What the task asks -
For this task, every record below must be reproduced exactly.

Materials provided -
lemma int_downset_cases:
  fixes S :: "int set"
  assumes "S \<noteq> {}" and down: "\<And>m k. m \<in> S \<Longrightarrow> k \<le> m \<Longrightarrow> k \<in> S"
  shows "S = UNIV \<or> (\<exists>M. S = {..M})"
proof (cases "bdd_above S")
  case True
  obtain x where "x \<in> S" "Sup S - 1 < x"
    using less_cSupE[of "Sup S - 1" S] \<open>S \<noteq> {}\<close> by auto
  moreover have "x \<le> Sup S" using \<open>x \<in> S\<close> True by (rule cSup_upper)
  ultimately have "x = Sup S" by linarith
  with \<open>x \<in> S\<close> have "Sup S \<in> S" by simp
  then have "S = {..Sup S}" using down cSup_upper[OF _ True] by auto
  then show ?thesis by blast
next
  case False
  then have "S = UNIV" using down unfolding bdd_above_def by (metis UNIV_eq_I linorder_le_cases)
  then show ?thesis ..
qed

lemma Sup_ereal_of_int_UNIV: "Sup (range (\<lambda>m::int. ereal (of_int m))) = \<infinity>"
  by (rule SUP_PInfty) (metis UNIV_I of_int_of_nat_eq order_refl)

lemma Sup_ereal_of_int_atMost: "Sup ((\<lambda>m::int. ereal (of_int m)) ` {..M}) = ereal (of_int M)"
  by (rule Sup_eqI) auto

context
  assumes contains_rat: "contains_rat TYPE('a::comm_ring_1)"
begin

lemma contains_rat_inverse_of_int: "d > 0 \<Longrightarrow> \<exists>y::'a. of_int d * y = 1"
proof -
  assume "d > 0"
  then obtain y :: 'a where "of_nat (nat d) * y = 1"
    using contains_rat unfolding contains_rat_def by (metis zero_less_nat_eq)
  with \<open>d > 0\<close> show ?thesis by auto
qed

lemma rat_emb_eqI:
  assumes "d > 0" and "of_int d * x = (of_int n :: 'a)" and "r = of_int n / of_int d"
  shows "rat_emb r = x"
proof -
  obtain n' d' where q: "quotient_of r = (n', d')" by (cases "quotient_of r") auto
  have "d' > 0" using quotient_of_denom_pos[OF q] .
  define y' where "y' = (SOME y. of_int d' * y = (1::'a))"
  have y': "of_int d' * y' = 1"
    unfolding y'_def using someI_ex[OF contains_rat_inverse_of_int[OF \<open>d' > 0\<close>]] .
  obtain y where y: "of_int d * y = (1::'a)" using contains_rat_inverse_of_int[OF \<open>d > 0\<close>] by blast
  have "(of_int n / of_int d :: rat) = of_int n' / of_int d'"
    using assms(3) quotient_of_div[OF q] by simp
  then have "n * d' = n' * d"
    using \<open>d > 0\<close> \<open>d' > 0\<close> by (simp add: frac_eq_eq flip: of_int_mult)
  have "x = y * (of_int d * x)" using y by (simp add: algebra_simps)
  also have "\<dots> = of_int n * y" using assms(2) by (simp add: algebra_simps)
  finally have x: "x = of_int n * y" .
  have "rat_emb r = of_int n' * y' * (of_int d * y)" unfolding rat_emb_def q y'_def using y by simp
  also have "\<dots> = of_int (n' * d) * y' * y" by (simp add: algebra_simps)
  also have "\<dots> = of_int n * (of_int d' * y') * y" unfolding \<open>n * d' = n' * d\<close>[symmetric]
    by (simp add: algebra_simps)
  finally show ?thesis using x y' by simp
qed

lemma of_int_mult_rat_emb:
  assumes "d > 0" and "r = of_int n / of_int d"
  shows "of_int d * rat_emb r = (of_int n :: 'a)"
proof -
  obtain y where "of_int d * y = (1::'a)" using contains_rat_inverse_of_int[OF assms(1)] by blast
  then have y: "of_int d * (of_int n * y) = (of_int n :: 'a)" by (metis mult.left_commute mult.right_neutral)
  then have "rat_emb r = (of_int n * y :: 'a)" by (rule rat_emb_eqI[OF assms(1) _ assms(2)])
  with y show ?thesis by simp
qed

Answer for this exercise -
lemma int_downset_cases:
  fixes S :: "int set"
  assumes "S \<noteq> {}" and down: "\<And>m k. m \<in> S \<Longrightarrow> k \<le> m \<Longrightarrow> k \<in> S"
  shows "S = UNIV \<or> (\<exists>M. S = {..M})"
proof (cases "bdd_above S")
  case True
  obtain x where "x \<in> S" "Sup S - 1 < x"
    using less_cSupE[of "Sup S - 1" S] \<open>S \<noteq> {}\<close> by auto
  moreover have "x \<le> Sup S" using \<open>x \<in> S\<close> True by (rule cSup_upper)
  ultimately have "x = Sup S" by linarith
  with \<open>x \<in> S\<close> have "Sup S \<in> S" by simp
  then have "S = {..Sup S}" using down cSup_upper[OF _ True] by auto
  then show ?thesis by blast
next
  case False
  then have "S = UNIV" using down unfolding bdd_above_def by (metis UNIV_eq_I linorder_le_cases)
  then show ?thesis ..
qed

lemma Sup_ereal_of_int_UNIV: "Sup (range (\<lambda>m::int. ereal (of_int m))) = \<infinity>"
  by (rule SUP_PInfty) (metis UNIV_I of_int_of_nat_eq order_refl)

lemma Sup_ereal_of_int_atMost: "Sup ((\<lambda>m::int. ereal (of_int m)) ` {..M}) = ereal (of_int M)"
  by (rule Sup_eqI) auto

context
  assumes contains_rat: "contains_rat TYPE('a::comm_ring_1)"
begin

lemma contains_rat_inverse_of_int: "d > 0 \<Longrightarrow> \<exists>y::'a. of_int d * y = 1"
proof -
  assume "d > 0"
  then obtain y :: 'a where "of_nat (nat d) * y = 1"
    using contains_rat unfolding contains_rat_def by (metis zero_less_nat_eq)
  with \<open>d > 0\<close> show ?thesis by auto
qed

lemma rat_emb_eqI:
  assumes "d > 0" and "of_int d * x = (of_int n :: 'a)" and "r = of_int n / of_int d"
  shows "rat_emb r = x"
proof -
  obtain n' d' where q: "quotient_of r = (n', d')" by (cases "quotient_of r") auto
  have "d' > 0" using quotient_of_denom_pos[OF q] .
  define y' where "y' = (SOME y. of_int d' * y = (1::'a))"
  have y': "of_int d' * y' = 1"
    unfolding y'_def using someI_ex[OF contains_rat_inverse_of_int[OF \<open>d' > 0\<close>]] .
  obtain y where y: "of_int d * y = (1::'a)" using contains_rat_inverse_of_int[OF \<open>d > 0\<close>] by blast
  have "(of_int n / of_int d :: rat) = of_int n' / of_int d'"
    using assms(3) quotient_of_div[OF q] by simp
  then have "n * d' = n' * d"
    using \<open>d > 0\<close> \<open>d' > 0\<close> by (simp add: frac_eq_eq flip: of_int_mult)
  have "x = y * (of_int d * x)" using y by (simp add: algebra_simps)
  also have "\<dots> = of_int n * y" using assms(2) by (simp add: algebra_simps)
  finally have x: "x = of_int n * y" .
  have "rat_emb r = of_int n' * y' * (of_int d * y)" unfolding rat_emb_def q y'_def using y by simp
  also have "\<dots> = of_int (n' * d) * y' * y" by (simp add: algebra_simps)
  also have "\<dots> = of_int n * (of_int d' * y') * y" unfolding \<open>n * d' = n' * d\<close>[symmetric]
    by (simp add: algebra_simps)
  finally show ?thesis using x y' by simp
qed

lemma of_int_mult_rat_emb:
  assumes "d > 0" and "r = of_int n / of_int d"
  shows "of_int d * rat_emb r = (of_int n :: 'a)"
proof -
  obtain y where "of_int d * y = (1::'a)" using contains_rat_inverse_of_int[OF assms(1)] by blast
  then have y: "of_int d * (of_int n * y) = (of_int n :: 'a)" by (metis mult.left_commute mult.right_neutral)
  then have "rat_emb r = (of_int n * y :: 'a)" by (rule rat_emb_eqI[OF assms(1) _ assms(2)])
  with y show ?thesis by simp
qed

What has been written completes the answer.